:: Requirement ::
For the entries below, the result should be an exact transcription of the lines from the one with "(let n = length As in" up to and including the one with "As psi \<longleftrightarrow>", and only those.

:: Recorded data ::
(* Let $\mathcal{G}$ be a Kripke structure (viewed as a one-agent concurrent game structure) and let $\forall\pi_1.\cdots\forall\pi_n.\mathbf{E}.\varphi$ be an $\texttt{AHLTL}$ formula, with $\varphi$ quantifier-free over path variables $\pi_1,\dots,\pi_n$. Consider the statements (1) $\mathcal{G}_{\mathit{stut}}\models[\langle\langle\{\mathit{sched}\}\rangle\rangle\pi_1.\cdots\langle\langle\{\mathit{sched}\}\rangle\rangle\pi_n.]\,\big(\varphi\wedge\bigwedge_{i=1}^n\mathit{fair}_{\pi_i}\big)$, where $\mathit{fair}_{\pi_i}:=\square\lozenge\neg\mathit{stut}_{\pi_i}$; (2) $\mathcal{G}\models_{\texttt{AHLTL}}\forall\pi_1.\cdots\forall\pi_n.\mathbf{E}.\varphi$. Then (1) implies (2). If moreover $\varphi$ is an admissible formula, then (1) and (2) are equivalent.
   Context: A multi-stage concurrent game structure (MSCGS) is a tuple $\mathcal{G}=(S,s_0,\Xi,\mathscr{M},\delta,d,\mathbf{AP},\ell)$ with finite state set $S$, initial state $s_0$, finite agent set $\Xi$, finite move set $\mathscr{M}$, transition function $\delta:S\times(\Xi\to\mathscr{M})\to S$, stage function $d:\Xi\to\mathbb{N}$, atomic propositions $\mathbf{AP}$, labelling $\ell:S\to2^{\mathbf{AP}}$. A Kripke structure $(S,s_0,\to,\mathbf{AP},\ell)$ is viewed as the MSCGS with a single agent (stage $0$) whose moves choose the $\to$-successor; its paths are the sequences $s_0s_1\cdots$ with $s_i\to s_{i+1}$. Stutter version: for an MSCGS $\mathcal{G}$ and a fresh agent $\mathit{sched}\notin\Xi$, $\mathcal{G}_{\mathit{stut}}=(S\times\{0,1\},(s_0,0),\Xi\uplus\{\mathit{sched}\},\mathscr{M}\times\{0,1\},\delta',d',\mathbf{AP}\uplus\{\mathit{stut}\},\ell')$ where $\delta'((s,b),\sigma)=(\delta(s,\mathit{proj}_1\circ\sigma_{\mid\Xi}),0)$ if $(\mathit{proj}_2\circ\sigma)(\mathit{sched})=0$ and $\delta'((s,b),\sigma)=(s,1)$ if $(\mathit{proj}_2\circ\sigma)(\mathit{sched})=1$; $\ell'((s,0))=\ell(s)$, $\ell'((s,1))=\ell(s)\cup\{\mathit{stut}\}$; $d'(\xi)=d(\xi)$ for $\xi\in\Xi$ and $d'(\mathit{sched})=m+1$ with $m$ the maximal value of $d$. $\texttt{HyperATL}^*$ semantics of a quantifier block on an MSCGS, evaluated from the empty assignment: a strategy for agent $\xi$ in copy $j$ maps a finite history in $(S^n)^+$ (states of all $n$ copies) together with the moves already fixed for all agents of stage $<d(\xi)$ in all $n$ copies to a move. An outcome is $u\in(S^n)^\omega$ with $u(0)=(s_0,\dots,s_0)$ such that for every $i$ there are global move vectors $\sigma_1,\dots,\sigma_n$ with $u(i+1)_j=\delta(u(i)_j,\sigma_j)$ and $\sigma_j(\xi)$ given by the strategy of $\xi$ in copy $j$ for every controlled agent $\xi$. The block $[\langle\langle A_1\rangle\rangle\pi_1.\cdots\langle\langle A_n\rangle\rangle\pi_n.]\psi$ holds iff there exist strategies for all controlled agents such that every outcome $(t_1,\dots,t_n)$ satisfies $\psi$ under $\pi_j\mapsto t_j$, where quantifier-free $\psi$ is evaluated as synchronous LTL with $a_{\pi}$ meaning $a$ holds in the current state of the path bound to $\pi$. $\texttt{AHLTL}$ semantics: $\mathcal{G}\models_{\texttt{AHLTL}}\forall\pi_1.\cdots\forall\pi_n.\mathbf{E}.\varphi$ iff for all paths $t_1,\dots,t_n$ of $\mathcal{G}$ there is a fair trajectory such that the stuttered paths satisfy $\varphi$. A trajectory is a sequence $\tau\in(2^{\{\pi_1,\dots,\pi_n\}})^\omega$ (the set of paths that progress at each step); it is fair if every $\pi_i$ belongs to $\tau(m)$ for infinitely many $m$. With $p_i(m)=|\{m'<m\mid\pi_i\in\tau(m')\}|$, the stuttered path for $\pi_i$ is $t_i(p_i(0))t_i(p_i(1))\cdots$, and $\varphi$ is evaluated synchronously (as LTL over indexed propositions) on the stuttered paths. An admissible formula is a conjunction of formulas of the form $\square\bigwedge_{a\in P}(a_{\pi_i}\leftrightarrow a_{\pi_j})$ ($P$ a set of atomic propositions) and of stutter-invariant LTL formulas over a single path variable (formulas whose truth value is unchanged when passing to a stutter-equivalent trace). *)

theory Defs
  imports Main
begin

text \<open>Path variables pi_1 .. pi_n are represented by the indices 0 .. n-1.
  Prop a j stands for a_{pi_(j+1)}.\<close>

datatype 'a hltl =
    HTrue
  | Prop 'a nat
  | Not "'a hltl"
  | And "'a hltl" "'a hltl"
  | Next "'a hltl"
  | Until "'a hltl" "'a hltl"

definition Or :: "'a hltl \<Rightarrow> 'a hltl \<Rightarrow> 'a hltl" where
  "Or p q = Not (And (Not p) (Not q))"

definition Iff :: "'a hltl \<Rightarrow> 'a hltl \<Rightarrow> 'a hltl" where
  "Iff p q = And (Or (Not p) q) (Or (Not q) p)"

definition Ev :: "'a hltl \<Rightarrow> 'a hltl" where
  "Ev p = Until HTrue p"

definition Glob :: "'a hltl \<Rightarrow> 'a hltl" where
  "Glob p = Not (Ev (Not p))"

fun conj_list :: "'a hltl list \<Rightarrow> 'a hltl" where
  "conj_list [] = HTrue"
| "conj_list [p] = p"
| "conj_list (p # ps) = And p (conj_list ps)"

fun vars :: "'a hltl \<Rightarrow> nat set" where
  "vars HTrue = {}"
| "vars (Prop a j) = {j}"
| "vars (Not p) = vars p"
| "vars (And p q) = vars p \<union> vars q"
| "vars (Next p) = vars p"
| "vars (Until p q) = vars p \<union> vars q"

text \<open>Semantics: w j i is the label (set of atomic propositions) of the path bound to
  variable j at position i.\<close>

fun hsat :: "(nat \<Rightarrow> nat \<Rightarrow> 'a set) \<Rightarrow> nat \<Rightarrow> 'a hltl \<Rightarrow> bool" where
  "hsat w i HTrue = True"
| "hsat w i (Prop a j) = (a \<in> w j i)"
| "hsat w i (Not p) = (\<not> hsat w i p)"
| "hsat w i (And p q) = (hsat w i p \<and> hsat w i q)"
| "hsat w i (Next p) = hsat w (Suc i) p"
| "hsat w i (Until p q) = (\<exists>k\<ge>i. hsat w k q \<and> (\<forall>l. i \<le> l \<and> l < k \<longrightarrow> hsat w l p))"

record ('s, 'ag, 'm, 'ap) mscgs =
  states :: "'s set"
  init   :: 's
  agents :: "'ag set"
  moves  :: "'m set"
  delta  :: "'s \<Rightarrow> ('ag \<Rightarrow> 'm) \<Rightarrow> 's"
  stage  :: "'ag \<Rightarrow> nat"
  lab    :: "'s \<Rightarrow> 'ap set"

text \<open>A strategy for agent xi (in some copy) for a block with n copies: it maps a
  finite non-empty history of n-tuples of states (each tuple a list of length n) together
  with the move vectors of all n copies to a move, and depends on the move vectors only
  through the moves of agents of stage strictly smaller than the stage of xi.\<close>

definition is_strategy ::
  "('s, 'ag, 'm, 'ap) mscgs \<Rightarrow> nat \<Rightarrow> 'ag \<Rightarrow> ('s list list \<Rightarrow> ('ag \<Rightarrow> 'm) list \<Rightarrow> 'm) \<Rightarrow> bool" where
  "is_strategy G n xi f \<longleftrightarrow>
     (\<forall>h sig. f h sig \<in> moves G) \<and>
     (\<forall>h sig sig'. length sig = n \<longrightarrow> length sig' = n \<longrightarrow>
        (\<forall>j<n. \<forall>xi'\<in>agents G. stage G xi' < stage G xi \<longrightarrow> (sig ! j) xi' = (sig' ! j) xi') \<longrightarrow>
        f h sig = f h sig')"

text \<open>Outcomes of a block with controlled-agent sets As (As ! j for copy j) under the
  strategy family str (str j xi = strategy of agent xi in copy j).\<close>

definition is_outcome ::
  "('s, 'ag, 'm, 'ap) mscgs \<Rightarrow> 'ag set list \<Rightarrow> (nat \<Rightarrow> 'ag \<Rightarrow> ('s list list \<Rightarrow> ('ag \<Rightarrow> 'm) list \<Rightarrow> 'm))
     \<Rightarrow> (nat \<Rightarrow> 's list) \<Rightarrow> bool" where
  "is_outcome G As str u \<longleftrightarrow>
     (let n = length As in
       u 0 = replicate n (init G) \<and>
       (\<forall>i. length (u (Suc i)) = n \<and>
          (\<exists>sig. length sig = n \<and>
             (\<forall>j<n. \<forall>xi\<in>agents G. (sig ! j) xi \<in> moves G) \<and>
             (\<forall>j<n. u (Suc i) ! j = delta G (u i ! j) (sig ! j)) \<and>
             (\<forall>j<n. \<forall>xi\<in>As ! j. (sig ! j) xi = str j xi (map u [0..<Suc i]) sig))))"

text \<open>HyperATL* semantics of the quantifier block
  [<<As!0>> pi_1. ... <<As!(n-1)>> pi_n.] psi, evaluated from the empty assignment.\<close>

definition hyperatl_block :: "('s, 'ag, 'm, 'ap) mscgs \<Rightarrow> 'ag set list \<Rightarrow> 'ap hltl \<Rightarrow> bool" where
  "hyperatl_block G As psi \<longleftrightarrow>
     (\<exists>str. (\<forall>j<length As. \<forall>xi\<in>As ! j. is_strategy G (length As) xi (str j xi)) \<and>
       (\<forall>u. is_outcome G As str u \<longrightarrow> hsat (\<lambda>j i. lab G (u i ! j)) 0 psi))"
lemma bilinear_semidirect_br: "bilinear (semidirect_br m)"
  by (simp add: bilinear_def linear_iff semidirect_br_def mat_n_def vec_eq_idx4
      scaleR_conv_of_real[where 'a=complex] algebra_simps)

lemma bilinear_semidirect_lc: "bilinear (semidirect_lc m)"
  by (simp add: bilinear_def linear_iff semidirect_defs vec_eq_idx4
      scaleR_conv_of_real[where 'a=complex] algebra_simps add_divide_distrib diff_divide_distrib)

lemma bilinear_ricci_semidirect: "bilinear (ricci (semidirect_br m) std_ip)"
proof -
  note br = bilinear_semidirect_br[of m] and lc = bilinear_semidirect_lc[of m]
  have "semidirect_curv m x (y + y') z = semidirect_curv m x y z + semidirect_curv m x y' z"
    and "semidirect_curv m x y (z + z') = semidirect_curv m x y z + semidirect_curv m x y z'"
    and "semidirect_curv m x (r *\<^sub>R y) z = r *\<^sub>R semidirect_curv m x y z"
    and "semidirect_curv m x y (r *\<^sub>R z) = r *\<^sub>R semidirect_curv m x y z" for x y y' z z' r
    by (simp_all add: semidirect_curv_def bilinear_ladd[OF lc] bilinear_radd[OF lc]
        bilinear_lmul[OF lc] bilinear_rmul[OF lc] bilinear_radd[OF br] bilinear_rmul[OF br]
        algebra_simps)
  then show ?thesis
    by (simp add: bilinear_def linear_iff ricci_def curvature_semidirect real_trace_add
        real_trace_scaleR)
qed

lemma complex_trace_semidirect: "complex_trace (semidirect_br m x) = x$I1 * trace_n m"
  by (simp add: complex_trace_def sum_idx4 semidirect_br_def mat_n_def trace_n_def axis_component
      algebra_simps)

lemma complex_linear_semidirect_hcf: "complex_linear (semidirect_hcf m)"
  by (simp add: complex_linear_def semidirect_hcf_def mat_n_def mat_n_adj_def vec_eq_idx4
      algebra_simps)
lemma sum_chain_gamma_second_difference:
  assumes N: "N \<ge> 2" and k: "1 \<le> k" "k \<le> N - 1"
  shows "(\<Sum>m=1..2*N-2. chain_gamma m N (k + 1)) - 2 * (\<Sum>m=1..2*N-2. chain_gamma m N k)
           + (\<Sum>m=1..2*N-2. chain_gamma m N (k - 1))
       = - (if k = N - 1 then 2 * real N - 1 else 0)"
proof -
  have second_difference:
    "chain_gamma m N (k + 1) - 2 * chain_gamma m N k + chain_gamma m N (k - 1)
     = - (4 * (sin (pi * real m / 2) * cos (pi * real m / (4 * real N - 2))
         * sin (pi * real k * real m / (2 * real N - 1))))"
    if "m \<in> {1..2*N-2}" for m
    using chain_gamma_second_difference[OF k(1), of m N] that
      sin_sq_mult_chain_gamma[OF sin_chain_angle_nonzero, of m N k] by simp
  have "(\<Sum>m=1..2*N-2. chain_gamma m N (k + 1)) - 2 * (\<Sum>m=1..2*N-2. chain_gamma m N k)
           + (\<Sum>m=1..2*N-2. chain_gamma m N (k - 1))
      = (\<Sum>m=1..2*N-2. chain_gamma m N (k + 1) - 2 * chain_gamma m N k + chain_gamma m N (k - 1))"
    by (simp add: sum.distrib sum_subtractf sum_distrib_left)
  also have "\<dots> = - (4 * (\<Sum>m=1..2*N-2. sin (pi * real m / 2) * cos (pi * real m / (4 * real N - 2))
          * sin (pi * real k * real m / (2 * real N - 1))))"
    unfolding sum_distrib_left sum_negf[symmetric] by (intro sum.cong refl second_difference)
  finally show ?thesis
    unfolding sum_sin_cos_sin_chain[OF N k] .
qed

lemma sum_chain_gamma:
  assumes N: "N \<ge> 2" and n: "n \<le> N - 1"
  shows "(\<Sum>m=1..2*N-2. chain_gamma m N n) = real n * (2 * real N - 1)"
proof -
  define S where "S k = (\<Sum>m=1..2*N-2. chain_gamma m N k)" for k
  define D where "D k = S (k + 1) - S k" for k
  have D_step: "D k = D (k - 1) - (if k = N - 1 then 2 * real N - 1 else 0)"
    if "1 \<le> k" "k \<le> N - 1" for k
    using sum_chain_gamma_second_difference[OF N that] that
    by (simp add: D_def S_def algebra_simps)
  have D_const: "D k = D 0" if "k \<le> N - 2" for k
    using that
  proof (induction k)
    case (Suc k)
    then show ?case using D_step[of "Suc k"] by simp
  qed simp
  \<comment> \<open>The free end gives \<open>D (N - 1) = 0\<close>, and the jump at \<open>N - 1\<close> then fixes the constant slope.\<close>
  have "D (N - 1) = 0"
    using chain_gamma_free_end N by (simp add: D_def S_def)
  then have D0: "D 0 = 2 * real N - 1"
    using D_step[of "N - 1"] D_const[of "N - 2"] N by (simp add: numeral_2_eq_2)
  have "S k = real k * (2 * real N - 1)" if "k \<le> N - 1" for k
    using that
  proof (induction k)
    case (Suc k)
    then have "D k = 2 * real N - 1"
      using D_const[of k] D0 by simp
    then show ?case
      using Suc by (simp add: D_def algebra_simps)
  qed (simp add: S_def)
  then show ?thesis
    using n by (simp add: S_def)
qed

:: Expected answer ::
     (let n = length As in
       u 0 = replicate n (init G) \<and>
       (\<forall>i. length (u (Suc i)) = n \<and>
          (\<exists>sig. length sig = n \<and>
             (\<forall>j<n. \<forall>xi\<in>agents G. (sig ! j) xi \<in> moves G) \<and>
             (\<forall>j<n. u (Suc i) ! j = delta G (u i ! j) (sig ! j)) \<and>
             (\<forall>j<n. \<forall>xi\<in>As ! j. (sig ! j) xi = str j xi (map u [0..<Suc i]) sig))))"

text \<open>HyperATL* semantics of the quantifier block
  [<<As!0>> pi_1. ... <<As!(n-1)>> pi_n.] psi, evaluated from the empty assignment.\<close>

definition hyperatl_block :: "('s, 'ag, 'm, 'ap) mscgs \<Rightarrow> 'ag set list \<Rightarrow> 'ap hltl \<Rightarrow> bool" where
  "hyperatl_block G As psi \<longleftrightarrow>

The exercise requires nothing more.